[Records excerpted from a collection]

lemma closedin_Tfun_sublevel:
  assumes top: "topspace \<tau> = UNIV" and haus: "Hausdorff_space \<tau>"
    and Rcomp: "\<And>c::real. compactin \<tau> {z. R z \<le> ereal c}"
    and Acont: "continuous_map \<tau> weak_topology A" and b: "0 < b"
  shows "closedin \<tau> {z. Tfun A R b z y \<le> ereal t}"
proof -
  define h where "h z = (norm (y - A z))\<^sup>2 / (2 * b)" for z
  have "Tfun A R b z y \<le> ereal t \<longleftrightarrow> (\<forall>s. h z \<le> s \<or> R z \<le> ereal (t - s))" for z
  proof (cases "R z")
    case (real r)
    have "h z + r \<le> t \<longleftrightarrow> (\<forall>s. h z \<le> s \<or> r \<le> t - s)"
    proof
      assume "\<forall>s. h z \<le> s \<or> r \<le> t - s"
      from this[rule_format, of "(h z + t - r) / 2"] show "h z + r \<le> t" by (auto simp: field_simps)
    qed auto
    then show ?thesis by (simp add: Tfun_def h_def real)
  next
    case PInf
    have "\<not> (h z \<le> h z - 1)" by simp
    then show ?thesis by (auto simp: Tfun_def PInf intro!: exI[of _ "h z - 1"])
  qed (simp add: Tfun_def)
  then have "{z. Tfun A R b z y \<le> ereal t} =
      (\<Inter>s. {z. (norm (y - A z))\<^sup>2 \<le> 2 * b * s} \<union> {z. R z \<le> ereal (t - s)})"
    using b by (auto simp: h_def field_simps)
  moreover have "closedin \<tau> ({z. (norm (y - A z))\<^sup>2 \<le> 2 * b * s} \<union> {z. R z \<le> ereal (t - s)})" for s
    using closedin_residual_sublevel[OF top Acont] compactin_imp_closedin[OF haus Rcomp] by blast
  ultimately show ?thesis by (auto intro: closedin_Inter)
qed

lemma compactin_sublevel_attains_min:
  fixes f :: "'a \<Rightarrow> 'b::linorder"
  assumes closed: "\<And>z. z \<in> topspace X \<Longrightarrow> closedin X {x \<in> topspace X. f x \<le> f z}"
    and compact: "compactin X {x \<in> topspace X. f x \<le> f z0}" and z0: "z0 \<in> topspace X"
  obtains m where "m \<in> topspace X" and "\<And>z. z \<in> topspace X \<Longrightarrow> f m \<le> f z"
proof -
  define S where "S z = {x \<in> topspace X. f x \<le> f z}" for z
  have "S z0 \<inter> \<Inter> (S ` topspace X) \<noteq> {}"
  proof (rule compactin_fip[THEN iffD1, OF compact[folded S_def], THEN conjunct2, rule_format],
      intro conjI allI impI)
    show "\<forall>C \<in> S ` topspace X. closedin X C" using closed by (auto simp: S_def)
    fix F assume "finite F \<and> F \<subseteq> S ` topspace X"
    then obtain Z where Z: "Z \<subseteq> topspace X" "finite Z" "F = S ` Z" by (meson finite_subset_image)
    have "Min (f ` insert z0 Z) \<in> f ` insert z0 Z" by (rule Min_in) (use Z in auto)
    then obtain m where m: "m \<in> insert z0 Z" "f m = Min (f ` insert z0 Z)" by (metis imageE)
    have "f m \<le> f z" if "z \<in> insert z0 Z" for z
      unfolding m(2) using Z that by (intro Min_le) auto
    then have "m \<in> S z0 \<inter> \<Inter> F" using m Z z0 by (auto simp: S_def)
    then show "S z0 \<inter> \<Inter> F \<noteq> {}" by blast
  qed
  then show thesis using that by (auto simp: S_def)
qed

lemma Rset_nonempty:
  fixes A :: "'x::real_vector \<Rightarrow> 'y::real_inner"
  assumes tau: "lc_hausdorff_tvs \<tau>" and Rpc: "proper_convex R"
    and Rcomp: "\<And>c::real. compactin \<tau> {z. R z \<le> ereal c}"
    and Acont: "continuous_map \<tau> weak_topology A" and b: "0 < b"
  shows "Rset A R b y \<noteq> {}"
proof -
  have top: "topspace \<tau> = UNIV" and haus: "Hausdorff_space \<tau>"
    using tau by (auto simp: lc_hausdorff_tvs_def)
  define T where "T z = Tfun A R b z y" for z
  have R_le_T: "R z \<le> T z" for z
    using b by (simp add: T_def Tfun_def add_increasing)
  have closed: "closedin \<tau> {x \<in> topspace \<tau>. T x \<le> T z}" for z
  proof (cases "T z")
    case (real t)
    then show ?thesis using closedin_Tfun_sublevel[OF top haus Rcomp Acont b] by (simp add: T_def top)
  next
    case MInf
    then show ?thesis using R_le_T[of z] Rpc by (simp add: proper_convex_def)
  qed simp
  obtain z0 where "R z0 < \<infinity>" using Rpc unfolding proper_convex_def by blast
  then obtain r0 where "R z0 = ereal r0" using Rpc unfolding proper_convex_def by (cases "R z0") auto
  then obtain c0 where c0: "T z0 = ereal c0" by (simp add: T_def Tfun_def)
  have "compactin \<tau> {x \<in> topspace \<tau>. T x \<le> T z0}"
    using R_le_T by (intro closed_compactin[OF Rcomp[of c0] _ closed]) (auto simp: c0 intro: order.trans)
  then obtain m where min: "\<And>z. T m \<le> T z"
    using compactin_sublevel_attains_min[of \<tau> T, OF closed] top by auto
  moreover have "m \<in> domR R"
    using R_le_T[of m] min[of z0] by (auto simp: domR_def c0)
  ultimately have "m \<in> Rset A R b y" by (auto simp: Rset_def T_def)
  then show ?thesis by blast
qed

lemma Kset_mono: "x \<in> Kset A R \<nu> \<rho> \<Longrightarrow> \<rho> \<le> \<rho>' \<Longrightarrow> x \<in> Kset A R \<nu> \<rho>'"
  by (auto simp: Kset_def intro: order.trans)

lemma Kset_residual_le:
  assumes xK: "x \<in> Kset A R \<nu> \<rho>" and b: "0 < b" and w: "w \<in> Rset A R b (A x)"
  shows "norm (A x - A w) \<le> \<rho> * b powr \<nu>"
proof -
  have "ereal (b powr (-\<nu>) * norm (A x - A w)) \<le> rho_nu A R \<nu> x"
    unfolding rho_nu_def by (rule Sup_upper) (use b w in blast)
  also have "\<dots> \<le> ereal \<rho>" using xK by (simp add: Kset_def)
  finally have "b powr (-\<nu>) * norm (A x - A w) \<le> \<rho>" by simp
  then show ?thesis using b by (simp add: powr_minus field_simps)
qed

lemma modulus_upper:
  assumes "x1 \<in> K" "x2 \<in> K" "norm (A x1 - A x2) \<le> d"
  shows "L x1 x2 \<le> modulus L A d K"
  unfolding modulus_def by (rule Sup_upper) (use assms in blast)

lemma Rset_noisy_data_bounds:
  fixes A :: "'x::real_vector \<Rightarrow> 'y::real_inner"
  assumes Rpc: "proper_convex R" and Alin: "linear A"
    and ex: "\<And>b y. 0 < b \<Longrightarrow> Rset A R b y \<noteq> {}"
    and xK: "x \<in> Kset A R \<nu> \<rho>" and noise: "norm (g - A x) \<le> \<delta>"
    and alpha: "0 < \<alpha>" and xh: "xh \<in> Rset A R \<alpha> g"
  shows "norm (g - A xh) \<le> \<delta> + \<rho> * \<alpha> powr \<nu>" and "norm (A x - A xh) \<le> \<delta> + \<rho> * \<alpha> powr \<nu>"
proof -
  obtain w where w: "w \<in> Rset A R \<alpha> (A x)" using ex[OF alpha] by blast
  have "norm ((g - A xh) - (A x - A w)) \<le> \<delta>" "norm (A xh - A w) \<le> \<delta>"
    using Rset_nonexpansive[OF Rpc Alin alpha xh w] noise by auto
  moreover have "norm (A x - A w) \<le> \<rho> * \<alpha> powr \<nu>" by (rule Kset_residual_le[OF xK alpha w])
  moreover have "norm (g - A xh) \<le> norm ((g - A xh) - (A x - A w)) + norm (A x - A w)"
    by (metis diff_add_cancel norm_triangle_ineq)
  moreover have "norm (A x - A xh) \<le> norm (A x - A w) + norm (A xh - A w)"
    using norm_diff_triangle_le[of "A x" "A w" _ "A xh"] by (simp add: norm_minus_commute)
  ultimately show "norm (g - A xh) \<le> \<delta> + \<rho> * \<alpha> powr \<nu>"
    and "norm (A x - A xh) \<le> \<delta> + \<rho> * \<alpha> powr \<nu>" by linarith+
qed

lemma Rset_in_Kset:
  fixes A :: "'x::real_vector \<Rightarrow> 'y::real_inner"
  assumes Rpc: "proper_convex R" and Alin: "linear A"
    and ex: "\<And>b y. 0 < b \<Longrightarrow> Rset A R b y \<noteq> {}"
    and nu: "0 < \<nu>" "\<nu> \<le> 1" and rho: "0 \<le> \<rho>"
    and xK: "x \<in> Kset A R \<nu> \<rho>" and noise: "norm (g - A x) \<le> \<delta>"
    and alpha: "0 < \<alpha>" and xh: "xh \<in> Rset A R \<alpha> g"
  shows "xh \<in> Kset A R \<nu> (\<alpha> powr (-\<nu>) * \<delta> + 2 * \<rho>)"
proof -
  define M where "M = \<alpha> powr (-\<nu>) * (\<delta> + \<rho> * \<alpha> powr \<nu>)"
  have M: "M = \<alpha> powr (-\<nu>) * \<delta> + \<rho>"
    using alpha by (simp add: M_def powr_minus field_simps)
  note residual = Rset_noisy_data_bounds(1)[OF Rpc Alin ex xK noise alpha xh]
  note error = Rset_noisy_data_bounds(2)[OF Rpc Alin ex xK noise alpha xh]
  have "b powr (-\<nu>) * norm (A xh - A u) \<le> \<alpha> powr (-\<nu>) * \<delta> + 2 * \<rho>"
    if b: "0 < b" and u: "u \<in> Rset A R b (A xh)" for b u
  proof (cases "b \<le> \<alpha>")
    case True
    have "b powr (-\<nu>) * norm (A xh - A u) \<le> b powr (-\<nu>) * (b / \<alpha> * norm (g - A xh))"
      using Rset_image_dist_le[OF Rpc Alin alpha b xh u] by (intro mult_left_mono) auto
    also have "\<dots> = b powr (1 - \<nu>) / \<alpha> * norm (g - A xh)"
      using b by (simp add: powr_diff powr_minus field_simps)
    also have "\<dots> \<le> \<alpha> powr (1 - \<nu>) / \<alpha> * norm (g - A xh)"
      using True b nu alpha by (intro mult_right_mono divide_right_mono powr_mono2) auto
    also have "\<dots> = \<alpha> powr (-\<nu>) * norm (g - A xh)"
      using alpha by (simp add: powr_diff powr_minus field_simps)
    also have "\<dots> \<le> M"
      unfolding M_def using residual by (intro mult_left_mono) auto
    finally show ?thesis using M rho by linarith
  next
    case False
    obtain w where w: "w \<in> Rset A R b (A x)" using ex[OF b] by blast
    have "norm (A xh - A u) \<le> norm ((A xh - A u) - (A x - A w)) + norm (A x - A w)"
      by (metis diff_add_cancel norm_triangle_ineq)
    also have "\<dots> \<le> (\<delta> + \<rho> * \<alpha> powr \<nu>) + \<rho> * b powr \<nu>"
      using Rset_nonexpansive(1)[OF Rpc Alin b u w] Kset_residual_le[OF xK b w] error
      by (simp add: norm_minus_commute)
    finally have "b powr (-\<nu>) * norm (A xh - A u) \<le> b powr (-\<nu>) * (\<delta> + \<rho> * \<alpha> powr \<nu>) + \<rho>"
      using b by (simp add: powr_minus field_simps)
    also have "\<dots> \<le> M + \<rho>"
      unfolding M_def using False alpha nu residual
      by (intro add_right_mono mult_right_mono powr_mono2') (auto intro: order.trans[OF norm_ge_zero])
    finally show ?thesis using M by linarith
  qed
  then show ?thesis
    unfolding Kset_def rho_nu_def by (auto intro!: Sup_least)
qed

lemma regularized_error_le_modulus:
  fixes A :: "'x::real_vector \<Rightarrow> 'y::real_inner"
  assumes Rpc: "proper_convex R" and Alin: "linear A"
    and ex: "\<And>b y. 0 < b \<Longrightarrow> Rset A R b y \<noteq> {}"
    and nu: "0 < \<nu>" "\<nu> \<le> 1" and rho: "0 \<le> \<rho>"
    and xK: "x \<in> Kset A R \<nu> \<rho>" and noise: "norm (g - A x) \<le> \<delta>"
    and alpha: "0 < \<alpha>" and xh: "xh \<in> Rset A R \<alpha> g"
    and c: "0 < c" "c * \<delta> \<le> \<rho> * \<alpha> powr \<nu>" and D: "norm (A x - A xh) \<le> D"
  shows "L x xh \<le> modulus L A D (Kset A R \<nu> ((2 + 1 / c) * \<rho>))"
proof -
  have "\<alpha> powr (-\<nu>) * \<delta> \<le> \<rho> / c"
    using alpha c by (simp add: powr_minus field_simps)
  then have le: "\<alpha> powr (-\<nu>) * \<delta> + 2 * \<rho> \<le> (2 + 1 / c) * \<rho>"
    by (simp add: ring_distribs)
  have "xh \<in> Kset A R \<nu> (\<alpha> powr (-\<nu>) * \<delta> + 2 * \<rho>)"
    using Rpc Alin ex nu rho xK noise alpha xh by (rule Rset_in_Kset)
  then have "xh \<in> Kset A R \<nu> ((2 + 1 / c) * \<rho>)" using le by (rule Kset_mono)
  moreover have "x \<in> Kset A R \<nu> ((2 + 1 / c) * \<rho>)"
    using rho c by (intro Kset_mono[OF xK]) (simp add: algebra_simps)
  ultimately show ?thesis using D by (intro modulus_upper)
qed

## Assignment
Where the word "Acont" shows up in a line of the entries above, copy that line.

## Finished task
    and Acont: "continuous_map \<tau> weak_topology A" and b: "0 < b"
    using closedin_residual_sublevel[OF top Acont] compactin_imp_closedin[OF haus Rcomp] by blast
    and Acont: "continuous_map \<tau> weak_topology A" and b: "0 < b"
    then show ?thesis using closedin_Tfun_sublevel[OF top haus Rcomp Acont b] by (simp add: T_def top)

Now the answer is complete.